** Data shown follows **
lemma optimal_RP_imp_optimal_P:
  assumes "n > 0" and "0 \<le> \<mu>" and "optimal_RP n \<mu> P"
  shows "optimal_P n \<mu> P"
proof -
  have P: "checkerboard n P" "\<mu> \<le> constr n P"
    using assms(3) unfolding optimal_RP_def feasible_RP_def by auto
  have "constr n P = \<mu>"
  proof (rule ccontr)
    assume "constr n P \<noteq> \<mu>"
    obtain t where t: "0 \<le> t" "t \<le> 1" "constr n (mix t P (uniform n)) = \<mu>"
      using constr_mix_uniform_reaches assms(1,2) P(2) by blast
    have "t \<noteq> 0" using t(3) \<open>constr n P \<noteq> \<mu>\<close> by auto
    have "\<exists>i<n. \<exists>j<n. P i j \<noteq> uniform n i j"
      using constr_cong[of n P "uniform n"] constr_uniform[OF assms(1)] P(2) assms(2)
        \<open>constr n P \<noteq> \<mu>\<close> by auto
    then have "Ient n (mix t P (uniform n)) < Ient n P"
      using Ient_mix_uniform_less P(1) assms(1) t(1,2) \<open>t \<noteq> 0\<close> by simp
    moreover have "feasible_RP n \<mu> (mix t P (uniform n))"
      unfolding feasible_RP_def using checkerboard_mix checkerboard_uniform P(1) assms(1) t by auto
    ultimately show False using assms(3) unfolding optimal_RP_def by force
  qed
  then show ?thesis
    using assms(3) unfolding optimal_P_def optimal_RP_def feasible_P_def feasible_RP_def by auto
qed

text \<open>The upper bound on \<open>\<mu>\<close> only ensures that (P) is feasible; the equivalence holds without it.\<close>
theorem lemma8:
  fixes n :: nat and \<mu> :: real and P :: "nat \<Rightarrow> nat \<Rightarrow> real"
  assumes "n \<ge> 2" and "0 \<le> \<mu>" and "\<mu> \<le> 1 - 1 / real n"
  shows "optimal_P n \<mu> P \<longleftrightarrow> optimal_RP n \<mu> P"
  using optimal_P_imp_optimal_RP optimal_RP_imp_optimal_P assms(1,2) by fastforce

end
** End of Data shown **
** Data shown follows **
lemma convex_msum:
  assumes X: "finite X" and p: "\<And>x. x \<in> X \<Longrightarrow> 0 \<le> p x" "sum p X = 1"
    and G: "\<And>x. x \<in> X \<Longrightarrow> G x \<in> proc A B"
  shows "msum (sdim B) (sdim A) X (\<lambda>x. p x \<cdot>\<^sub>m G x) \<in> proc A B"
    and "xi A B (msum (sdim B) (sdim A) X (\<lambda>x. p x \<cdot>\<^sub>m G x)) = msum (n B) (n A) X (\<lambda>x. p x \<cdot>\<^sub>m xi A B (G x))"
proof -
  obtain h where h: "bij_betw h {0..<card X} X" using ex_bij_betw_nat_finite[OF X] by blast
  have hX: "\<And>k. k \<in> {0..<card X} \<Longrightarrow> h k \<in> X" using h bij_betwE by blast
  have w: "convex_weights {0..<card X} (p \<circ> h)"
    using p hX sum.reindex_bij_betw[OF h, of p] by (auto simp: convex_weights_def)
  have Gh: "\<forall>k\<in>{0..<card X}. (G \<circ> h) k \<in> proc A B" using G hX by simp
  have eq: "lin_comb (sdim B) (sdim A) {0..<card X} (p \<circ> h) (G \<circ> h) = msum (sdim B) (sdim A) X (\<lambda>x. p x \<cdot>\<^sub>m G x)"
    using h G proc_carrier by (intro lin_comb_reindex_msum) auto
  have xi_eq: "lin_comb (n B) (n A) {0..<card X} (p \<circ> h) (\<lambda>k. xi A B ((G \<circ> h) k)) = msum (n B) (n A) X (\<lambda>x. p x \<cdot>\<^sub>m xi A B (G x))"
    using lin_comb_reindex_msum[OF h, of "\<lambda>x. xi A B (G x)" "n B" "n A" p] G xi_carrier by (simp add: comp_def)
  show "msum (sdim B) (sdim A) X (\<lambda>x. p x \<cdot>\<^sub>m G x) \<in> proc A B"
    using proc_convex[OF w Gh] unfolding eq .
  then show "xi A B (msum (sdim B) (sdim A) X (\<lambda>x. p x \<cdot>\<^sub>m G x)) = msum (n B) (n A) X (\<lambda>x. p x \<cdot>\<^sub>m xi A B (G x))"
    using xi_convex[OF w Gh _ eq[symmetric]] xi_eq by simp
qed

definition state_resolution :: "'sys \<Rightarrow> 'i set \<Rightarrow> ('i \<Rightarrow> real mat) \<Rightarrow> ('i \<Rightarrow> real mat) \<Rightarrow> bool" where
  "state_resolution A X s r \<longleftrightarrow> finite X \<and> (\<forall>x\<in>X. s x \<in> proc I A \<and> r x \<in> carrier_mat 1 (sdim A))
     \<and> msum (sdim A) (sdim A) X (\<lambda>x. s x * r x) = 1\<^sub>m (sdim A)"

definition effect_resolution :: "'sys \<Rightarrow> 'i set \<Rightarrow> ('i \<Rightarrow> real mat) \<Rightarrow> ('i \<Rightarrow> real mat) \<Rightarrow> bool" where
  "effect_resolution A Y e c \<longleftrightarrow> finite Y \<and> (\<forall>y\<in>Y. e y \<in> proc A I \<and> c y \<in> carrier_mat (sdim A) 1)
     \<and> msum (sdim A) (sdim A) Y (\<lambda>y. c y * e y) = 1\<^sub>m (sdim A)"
** End of Data shown **
** Data shown follows **
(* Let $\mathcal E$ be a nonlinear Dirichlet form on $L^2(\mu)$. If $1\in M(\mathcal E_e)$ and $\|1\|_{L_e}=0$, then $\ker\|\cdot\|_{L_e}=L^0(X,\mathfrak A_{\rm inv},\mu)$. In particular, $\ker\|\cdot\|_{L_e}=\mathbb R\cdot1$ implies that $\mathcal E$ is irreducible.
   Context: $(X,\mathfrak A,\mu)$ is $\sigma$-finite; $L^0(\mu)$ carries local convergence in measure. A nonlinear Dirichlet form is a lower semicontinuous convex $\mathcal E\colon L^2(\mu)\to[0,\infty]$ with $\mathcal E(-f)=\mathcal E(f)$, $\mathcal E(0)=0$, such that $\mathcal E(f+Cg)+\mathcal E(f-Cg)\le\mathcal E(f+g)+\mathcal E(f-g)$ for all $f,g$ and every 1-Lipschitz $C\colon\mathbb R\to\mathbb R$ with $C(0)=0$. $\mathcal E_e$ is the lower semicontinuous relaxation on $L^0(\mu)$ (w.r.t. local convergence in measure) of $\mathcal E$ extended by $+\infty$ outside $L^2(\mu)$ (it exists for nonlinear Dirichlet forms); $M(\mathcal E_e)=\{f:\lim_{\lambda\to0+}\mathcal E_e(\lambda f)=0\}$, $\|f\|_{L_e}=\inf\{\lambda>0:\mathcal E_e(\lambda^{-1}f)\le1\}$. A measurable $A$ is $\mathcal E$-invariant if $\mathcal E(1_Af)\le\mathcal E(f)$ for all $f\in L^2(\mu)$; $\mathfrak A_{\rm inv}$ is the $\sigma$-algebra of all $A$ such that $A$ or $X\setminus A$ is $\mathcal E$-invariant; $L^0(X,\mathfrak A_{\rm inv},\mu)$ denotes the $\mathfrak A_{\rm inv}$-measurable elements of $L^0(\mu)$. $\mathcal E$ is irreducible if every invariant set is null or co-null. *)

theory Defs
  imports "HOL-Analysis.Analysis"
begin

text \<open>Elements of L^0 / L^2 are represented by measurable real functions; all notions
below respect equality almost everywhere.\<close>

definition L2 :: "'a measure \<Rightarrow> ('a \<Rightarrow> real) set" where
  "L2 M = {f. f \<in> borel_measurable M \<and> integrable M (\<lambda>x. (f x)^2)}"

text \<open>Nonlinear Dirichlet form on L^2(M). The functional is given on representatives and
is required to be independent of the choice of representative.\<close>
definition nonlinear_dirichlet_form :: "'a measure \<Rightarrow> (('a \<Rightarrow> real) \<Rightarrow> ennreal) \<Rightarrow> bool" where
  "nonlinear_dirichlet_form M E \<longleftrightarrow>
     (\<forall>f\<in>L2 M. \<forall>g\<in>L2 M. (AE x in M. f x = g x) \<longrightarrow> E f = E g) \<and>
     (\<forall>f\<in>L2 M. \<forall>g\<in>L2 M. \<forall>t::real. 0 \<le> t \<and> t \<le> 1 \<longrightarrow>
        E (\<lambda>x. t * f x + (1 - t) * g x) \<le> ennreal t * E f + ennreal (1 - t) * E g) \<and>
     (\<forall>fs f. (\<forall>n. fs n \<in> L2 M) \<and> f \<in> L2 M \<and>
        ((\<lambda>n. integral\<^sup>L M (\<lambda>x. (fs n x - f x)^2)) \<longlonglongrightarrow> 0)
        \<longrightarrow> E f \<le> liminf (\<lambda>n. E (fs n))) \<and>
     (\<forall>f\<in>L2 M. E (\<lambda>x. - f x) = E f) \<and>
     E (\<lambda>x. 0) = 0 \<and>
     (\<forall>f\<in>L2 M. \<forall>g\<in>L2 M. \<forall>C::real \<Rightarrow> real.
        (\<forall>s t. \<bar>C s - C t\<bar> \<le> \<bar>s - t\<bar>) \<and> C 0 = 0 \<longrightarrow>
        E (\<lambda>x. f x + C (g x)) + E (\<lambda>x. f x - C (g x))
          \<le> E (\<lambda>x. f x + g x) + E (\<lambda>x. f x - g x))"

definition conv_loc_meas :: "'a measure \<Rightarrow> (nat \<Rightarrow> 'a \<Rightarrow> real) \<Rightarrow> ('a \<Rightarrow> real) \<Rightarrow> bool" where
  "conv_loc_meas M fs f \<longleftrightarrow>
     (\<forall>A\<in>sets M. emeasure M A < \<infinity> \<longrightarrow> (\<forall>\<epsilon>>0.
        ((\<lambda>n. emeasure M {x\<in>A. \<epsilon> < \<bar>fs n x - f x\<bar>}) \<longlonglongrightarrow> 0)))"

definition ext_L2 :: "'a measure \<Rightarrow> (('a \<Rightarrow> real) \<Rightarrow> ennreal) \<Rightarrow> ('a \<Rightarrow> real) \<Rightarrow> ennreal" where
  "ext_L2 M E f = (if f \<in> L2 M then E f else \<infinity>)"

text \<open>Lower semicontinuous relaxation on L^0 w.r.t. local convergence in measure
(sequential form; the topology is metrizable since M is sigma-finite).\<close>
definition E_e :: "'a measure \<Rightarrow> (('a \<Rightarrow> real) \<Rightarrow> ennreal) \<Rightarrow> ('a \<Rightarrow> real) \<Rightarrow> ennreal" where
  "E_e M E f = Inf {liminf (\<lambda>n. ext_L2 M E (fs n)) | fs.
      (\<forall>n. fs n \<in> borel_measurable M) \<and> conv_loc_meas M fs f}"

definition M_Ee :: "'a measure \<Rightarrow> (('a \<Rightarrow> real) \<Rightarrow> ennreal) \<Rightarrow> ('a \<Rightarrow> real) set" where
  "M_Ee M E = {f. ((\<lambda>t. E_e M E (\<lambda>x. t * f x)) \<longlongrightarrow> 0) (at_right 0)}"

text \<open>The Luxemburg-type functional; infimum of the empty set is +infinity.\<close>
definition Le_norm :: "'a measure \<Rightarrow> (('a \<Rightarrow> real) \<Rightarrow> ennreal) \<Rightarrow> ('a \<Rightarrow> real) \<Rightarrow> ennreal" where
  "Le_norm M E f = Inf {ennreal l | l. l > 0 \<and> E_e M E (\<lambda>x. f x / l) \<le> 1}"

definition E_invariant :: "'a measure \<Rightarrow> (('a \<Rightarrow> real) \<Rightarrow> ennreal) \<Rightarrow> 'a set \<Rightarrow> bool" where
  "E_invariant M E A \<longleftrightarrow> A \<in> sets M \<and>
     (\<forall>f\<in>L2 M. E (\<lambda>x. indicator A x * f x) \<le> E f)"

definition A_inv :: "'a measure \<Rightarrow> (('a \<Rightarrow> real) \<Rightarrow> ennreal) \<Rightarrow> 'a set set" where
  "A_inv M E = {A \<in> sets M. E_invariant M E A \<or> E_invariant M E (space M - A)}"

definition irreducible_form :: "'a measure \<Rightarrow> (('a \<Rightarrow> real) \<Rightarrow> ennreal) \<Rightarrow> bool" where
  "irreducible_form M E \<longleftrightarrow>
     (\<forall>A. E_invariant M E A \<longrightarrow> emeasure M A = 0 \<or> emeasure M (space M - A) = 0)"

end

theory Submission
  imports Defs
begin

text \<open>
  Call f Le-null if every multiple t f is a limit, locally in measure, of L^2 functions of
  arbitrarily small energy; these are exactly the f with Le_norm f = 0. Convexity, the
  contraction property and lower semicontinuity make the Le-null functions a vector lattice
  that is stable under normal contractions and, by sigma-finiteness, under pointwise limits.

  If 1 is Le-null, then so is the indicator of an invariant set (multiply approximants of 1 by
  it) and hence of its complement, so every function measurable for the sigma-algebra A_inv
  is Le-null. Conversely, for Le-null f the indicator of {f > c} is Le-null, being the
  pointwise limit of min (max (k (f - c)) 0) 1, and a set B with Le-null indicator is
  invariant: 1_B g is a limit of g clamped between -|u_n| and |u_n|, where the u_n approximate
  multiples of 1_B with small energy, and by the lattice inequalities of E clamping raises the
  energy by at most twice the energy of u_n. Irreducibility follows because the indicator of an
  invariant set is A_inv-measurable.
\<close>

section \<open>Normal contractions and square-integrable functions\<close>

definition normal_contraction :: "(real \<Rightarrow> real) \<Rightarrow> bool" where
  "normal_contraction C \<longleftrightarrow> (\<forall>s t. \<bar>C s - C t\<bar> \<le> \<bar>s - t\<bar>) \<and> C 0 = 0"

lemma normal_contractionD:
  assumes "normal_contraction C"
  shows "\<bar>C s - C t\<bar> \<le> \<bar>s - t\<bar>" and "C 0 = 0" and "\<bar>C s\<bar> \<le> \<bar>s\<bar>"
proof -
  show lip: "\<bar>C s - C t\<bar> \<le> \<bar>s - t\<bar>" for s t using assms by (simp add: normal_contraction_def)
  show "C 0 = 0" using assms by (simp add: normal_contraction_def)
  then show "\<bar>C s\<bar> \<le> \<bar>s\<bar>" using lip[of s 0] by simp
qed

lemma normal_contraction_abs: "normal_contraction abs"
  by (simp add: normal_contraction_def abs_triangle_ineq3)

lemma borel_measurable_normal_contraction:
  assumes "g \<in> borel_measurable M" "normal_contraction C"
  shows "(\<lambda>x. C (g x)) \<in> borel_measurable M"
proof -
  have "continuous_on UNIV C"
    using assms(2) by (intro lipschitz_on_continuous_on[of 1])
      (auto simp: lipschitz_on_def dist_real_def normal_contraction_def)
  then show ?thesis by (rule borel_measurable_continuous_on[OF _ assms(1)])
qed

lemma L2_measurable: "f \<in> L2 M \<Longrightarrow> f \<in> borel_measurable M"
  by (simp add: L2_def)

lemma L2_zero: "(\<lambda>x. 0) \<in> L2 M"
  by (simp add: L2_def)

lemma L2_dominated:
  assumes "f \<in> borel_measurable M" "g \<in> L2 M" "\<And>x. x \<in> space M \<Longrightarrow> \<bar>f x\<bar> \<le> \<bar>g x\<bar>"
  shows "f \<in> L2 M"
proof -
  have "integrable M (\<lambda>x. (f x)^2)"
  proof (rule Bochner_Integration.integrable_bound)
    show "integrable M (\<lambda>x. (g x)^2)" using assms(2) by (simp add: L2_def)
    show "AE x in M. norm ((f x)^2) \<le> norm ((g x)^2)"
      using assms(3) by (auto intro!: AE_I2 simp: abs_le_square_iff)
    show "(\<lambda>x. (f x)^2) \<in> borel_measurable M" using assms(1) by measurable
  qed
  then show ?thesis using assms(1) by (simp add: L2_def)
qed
** End of Data shown **
◆ What is required:
Word for word, restate the lines above from the line containing "ultimately show False" through the line containing "P \<longleftrightarrow> optimal_RP", with both included and nothing else.

◆ Answer for this exercise:
    ultimately show False using assms(3) unfolding optimal_RP_def by force
  qed
  then show ?thesis
    using assms(3) unfolding optimal_P_def optimal_RP_def feasible_P_def feasible_RP_def by auto
qed

text \<open>The upper bound on \<open>\<mu>\<close> only ensures that (P) is feasible; the equivalence holds without it.\<close>
theorem lemma8:
  fixes n :: nat and \<mu> :: real and P :: "nat \<Rightarrow> nat \<Rightarrow> real"
  assumes "n \<ge> 2" and "0 \<le> \<mu>" and "\<mu> \<le> 1 - 1 / real n"
  shows "optimal_P n \<mu> P \<longleftrightarrow> optimal_RP n \<mu> P"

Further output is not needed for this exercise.